Items from a data source
_ _ _ _
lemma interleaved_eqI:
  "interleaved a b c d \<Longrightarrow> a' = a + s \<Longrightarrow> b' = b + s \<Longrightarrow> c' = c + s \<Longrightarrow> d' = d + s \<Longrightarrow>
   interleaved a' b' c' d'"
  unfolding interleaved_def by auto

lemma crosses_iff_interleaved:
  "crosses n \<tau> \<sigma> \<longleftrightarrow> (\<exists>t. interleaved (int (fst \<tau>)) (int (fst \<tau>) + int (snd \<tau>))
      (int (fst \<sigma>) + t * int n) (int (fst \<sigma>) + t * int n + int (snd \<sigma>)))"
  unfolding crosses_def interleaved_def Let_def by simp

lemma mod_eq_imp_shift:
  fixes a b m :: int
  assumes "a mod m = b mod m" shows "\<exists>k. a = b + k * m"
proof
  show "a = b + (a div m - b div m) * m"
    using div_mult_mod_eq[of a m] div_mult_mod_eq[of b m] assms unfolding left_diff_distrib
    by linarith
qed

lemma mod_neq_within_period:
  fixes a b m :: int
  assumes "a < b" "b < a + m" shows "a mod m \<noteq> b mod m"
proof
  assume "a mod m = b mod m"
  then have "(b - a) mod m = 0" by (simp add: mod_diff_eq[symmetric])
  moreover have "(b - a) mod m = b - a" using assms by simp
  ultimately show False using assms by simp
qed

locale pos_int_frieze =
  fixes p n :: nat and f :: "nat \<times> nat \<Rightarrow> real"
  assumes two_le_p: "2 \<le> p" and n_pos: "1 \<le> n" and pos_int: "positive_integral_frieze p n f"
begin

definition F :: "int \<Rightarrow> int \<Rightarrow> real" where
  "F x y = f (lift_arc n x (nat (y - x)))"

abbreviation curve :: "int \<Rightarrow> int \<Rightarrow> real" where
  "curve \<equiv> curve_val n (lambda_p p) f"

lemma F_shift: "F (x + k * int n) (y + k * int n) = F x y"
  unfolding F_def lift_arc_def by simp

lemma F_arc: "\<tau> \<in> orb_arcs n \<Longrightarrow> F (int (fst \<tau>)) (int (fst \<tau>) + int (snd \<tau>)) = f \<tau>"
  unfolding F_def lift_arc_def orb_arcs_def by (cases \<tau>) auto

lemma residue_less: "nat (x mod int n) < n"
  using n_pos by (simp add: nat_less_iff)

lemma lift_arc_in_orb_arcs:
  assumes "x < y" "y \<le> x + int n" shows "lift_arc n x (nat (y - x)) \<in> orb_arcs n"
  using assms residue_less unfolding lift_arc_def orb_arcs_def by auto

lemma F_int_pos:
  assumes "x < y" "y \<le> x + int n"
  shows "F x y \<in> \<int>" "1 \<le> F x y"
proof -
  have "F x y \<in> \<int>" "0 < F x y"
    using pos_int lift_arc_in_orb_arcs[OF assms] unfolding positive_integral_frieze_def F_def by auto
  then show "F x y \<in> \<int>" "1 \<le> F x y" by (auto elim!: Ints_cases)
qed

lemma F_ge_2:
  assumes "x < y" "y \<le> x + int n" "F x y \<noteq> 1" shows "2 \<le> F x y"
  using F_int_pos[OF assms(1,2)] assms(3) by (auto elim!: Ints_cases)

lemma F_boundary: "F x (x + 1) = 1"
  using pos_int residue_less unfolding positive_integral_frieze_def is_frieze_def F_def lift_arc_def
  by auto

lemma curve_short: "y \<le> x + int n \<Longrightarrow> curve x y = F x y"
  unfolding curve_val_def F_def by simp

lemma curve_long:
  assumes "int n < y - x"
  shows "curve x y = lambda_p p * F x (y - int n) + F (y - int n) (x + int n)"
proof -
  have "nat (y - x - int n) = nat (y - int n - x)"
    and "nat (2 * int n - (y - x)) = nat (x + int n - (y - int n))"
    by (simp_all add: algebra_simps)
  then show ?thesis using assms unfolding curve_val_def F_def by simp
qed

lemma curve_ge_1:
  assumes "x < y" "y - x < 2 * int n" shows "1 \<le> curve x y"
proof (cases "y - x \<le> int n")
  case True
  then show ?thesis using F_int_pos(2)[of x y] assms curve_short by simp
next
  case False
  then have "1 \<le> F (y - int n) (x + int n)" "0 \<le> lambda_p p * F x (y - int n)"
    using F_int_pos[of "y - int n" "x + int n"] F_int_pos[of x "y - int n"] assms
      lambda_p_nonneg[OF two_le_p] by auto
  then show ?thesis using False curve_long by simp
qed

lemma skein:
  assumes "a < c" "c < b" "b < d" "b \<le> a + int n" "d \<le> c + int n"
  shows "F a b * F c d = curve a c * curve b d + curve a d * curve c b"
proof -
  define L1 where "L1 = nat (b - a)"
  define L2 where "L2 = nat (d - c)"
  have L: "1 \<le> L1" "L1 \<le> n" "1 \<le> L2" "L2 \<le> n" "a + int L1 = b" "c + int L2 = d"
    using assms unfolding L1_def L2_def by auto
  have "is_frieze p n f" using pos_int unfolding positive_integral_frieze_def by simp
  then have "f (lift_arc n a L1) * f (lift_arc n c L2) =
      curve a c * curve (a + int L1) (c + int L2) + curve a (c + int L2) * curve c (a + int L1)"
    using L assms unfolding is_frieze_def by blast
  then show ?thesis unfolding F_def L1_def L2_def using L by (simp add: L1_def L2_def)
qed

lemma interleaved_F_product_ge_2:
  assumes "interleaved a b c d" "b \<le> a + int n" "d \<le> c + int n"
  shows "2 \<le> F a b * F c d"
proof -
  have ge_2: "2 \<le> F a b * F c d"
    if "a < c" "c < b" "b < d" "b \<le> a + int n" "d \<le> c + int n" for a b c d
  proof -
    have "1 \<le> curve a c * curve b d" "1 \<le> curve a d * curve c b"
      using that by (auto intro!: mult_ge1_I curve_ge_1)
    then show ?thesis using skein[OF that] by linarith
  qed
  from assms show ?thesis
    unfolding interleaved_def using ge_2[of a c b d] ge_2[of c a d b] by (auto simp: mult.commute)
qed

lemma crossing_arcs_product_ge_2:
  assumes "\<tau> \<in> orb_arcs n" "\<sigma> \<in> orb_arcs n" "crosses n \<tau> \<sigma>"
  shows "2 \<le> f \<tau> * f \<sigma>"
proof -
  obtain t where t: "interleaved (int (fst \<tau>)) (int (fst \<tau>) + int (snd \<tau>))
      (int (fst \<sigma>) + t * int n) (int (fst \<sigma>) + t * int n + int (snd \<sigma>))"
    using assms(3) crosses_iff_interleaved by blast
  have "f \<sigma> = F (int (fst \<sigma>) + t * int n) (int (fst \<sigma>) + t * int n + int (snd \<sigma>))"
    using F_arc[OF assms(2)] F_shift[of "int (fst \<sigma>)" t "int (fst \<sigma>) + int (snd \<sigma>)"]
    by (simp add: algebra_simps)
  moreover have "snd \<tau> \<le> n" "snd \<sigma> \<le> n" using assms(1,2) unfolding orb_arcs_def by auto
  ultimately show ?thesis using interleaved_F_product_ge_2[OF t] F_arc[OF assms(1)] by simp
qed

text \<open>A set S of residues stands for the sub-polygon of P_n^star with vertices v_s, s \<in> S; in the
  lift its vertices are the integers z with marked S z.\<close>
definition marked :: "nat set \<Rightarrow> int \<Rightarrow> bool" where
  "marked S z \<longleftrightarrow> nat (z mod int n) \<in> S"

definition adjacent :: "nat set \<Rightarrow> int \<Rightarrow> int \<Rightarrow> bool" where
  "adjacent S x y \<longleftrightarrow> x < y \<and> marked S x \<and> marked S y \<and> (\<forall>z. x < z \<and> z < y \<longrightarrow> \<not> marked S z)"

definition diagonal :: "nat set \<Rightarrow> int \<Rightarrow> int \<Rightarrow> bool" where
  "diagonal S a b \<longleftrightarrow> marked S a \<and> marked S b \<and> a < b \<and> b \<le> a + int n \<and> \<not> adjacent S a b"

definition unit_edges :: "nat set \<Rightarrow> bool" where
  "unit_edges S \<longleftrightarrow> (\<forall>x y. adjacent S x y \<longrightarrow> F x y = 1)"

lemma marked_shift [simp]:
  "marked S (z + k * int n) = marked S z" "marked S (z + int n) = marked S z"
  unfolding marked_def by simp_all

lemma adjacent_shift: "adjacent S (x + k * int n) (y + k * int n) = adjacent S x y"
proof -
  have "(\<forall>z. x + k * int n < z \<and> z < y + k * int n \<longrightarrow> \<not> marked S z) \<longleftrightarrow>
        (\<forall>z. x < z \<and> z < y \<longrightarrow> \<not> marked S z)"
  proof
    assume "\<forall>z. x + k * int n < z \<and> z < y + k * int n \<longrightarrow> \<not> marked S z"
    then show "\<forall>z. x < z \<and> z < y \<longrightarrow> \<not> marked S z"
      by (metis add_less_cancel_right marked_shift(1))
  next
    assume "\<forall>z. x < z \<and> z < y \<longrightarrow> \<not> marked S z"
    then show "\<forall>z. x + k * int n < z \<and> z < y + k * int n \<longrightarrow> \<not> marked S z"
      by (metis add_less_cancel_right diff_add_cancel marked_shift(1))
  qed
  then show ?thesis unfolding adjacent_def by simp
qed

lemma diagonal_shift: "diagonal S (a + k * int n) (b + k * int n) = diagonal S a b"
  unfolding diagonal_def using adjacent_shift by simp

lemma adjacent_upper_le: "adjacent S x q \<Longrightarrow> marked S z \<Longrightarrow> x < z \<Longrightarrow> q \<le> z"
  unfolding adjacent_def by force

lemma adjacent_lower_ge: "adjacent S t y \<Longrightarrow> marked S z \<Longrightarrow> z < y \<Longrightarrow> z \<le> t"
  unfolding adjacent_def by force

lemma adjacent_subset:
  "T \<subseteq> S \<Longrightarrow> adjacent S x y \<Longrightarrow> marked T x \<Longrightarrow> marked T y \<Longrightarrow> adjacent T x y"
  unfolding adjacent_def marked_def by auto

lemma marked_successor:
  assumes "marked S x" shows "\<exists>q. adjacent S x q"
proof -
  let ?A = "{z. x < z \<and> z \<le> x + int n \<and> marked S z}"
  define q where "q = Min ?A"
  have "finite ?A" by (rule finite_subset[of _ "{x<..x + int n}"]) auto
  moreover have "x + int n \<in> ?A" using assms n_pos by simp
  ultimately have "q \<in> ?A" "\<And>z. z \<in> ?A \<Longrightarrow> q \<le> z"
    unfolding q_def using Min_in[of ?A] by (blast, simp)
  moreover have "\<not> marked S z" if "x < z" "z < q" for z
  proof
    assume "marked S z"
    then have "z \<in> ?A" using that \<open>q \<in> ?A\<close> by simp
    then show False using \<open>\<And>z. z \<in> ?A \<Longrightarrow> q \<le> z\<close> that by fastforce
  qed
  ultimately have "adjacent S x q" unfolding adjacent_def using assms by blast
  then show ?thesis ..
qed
_ _ _ _
**EXERCISE INSTRUCTIONS:**
Quote only the stretch of lines that starts the data above and ends with the line containing "unfolding interleaved_def by auto", both included.

**RESPONSE:**
lemma interleaved_eqI:
  "interleaved a b c d \<Longrightarrow> a' = a + s \<Longrightarrow> b' = b + s \<Longrightarrow> c' = c + s \<Longrightarrow> d' = d + s \<Longrightarrow>
   interleaved a' b' c' d'"
  unfolding interleaved_def by auto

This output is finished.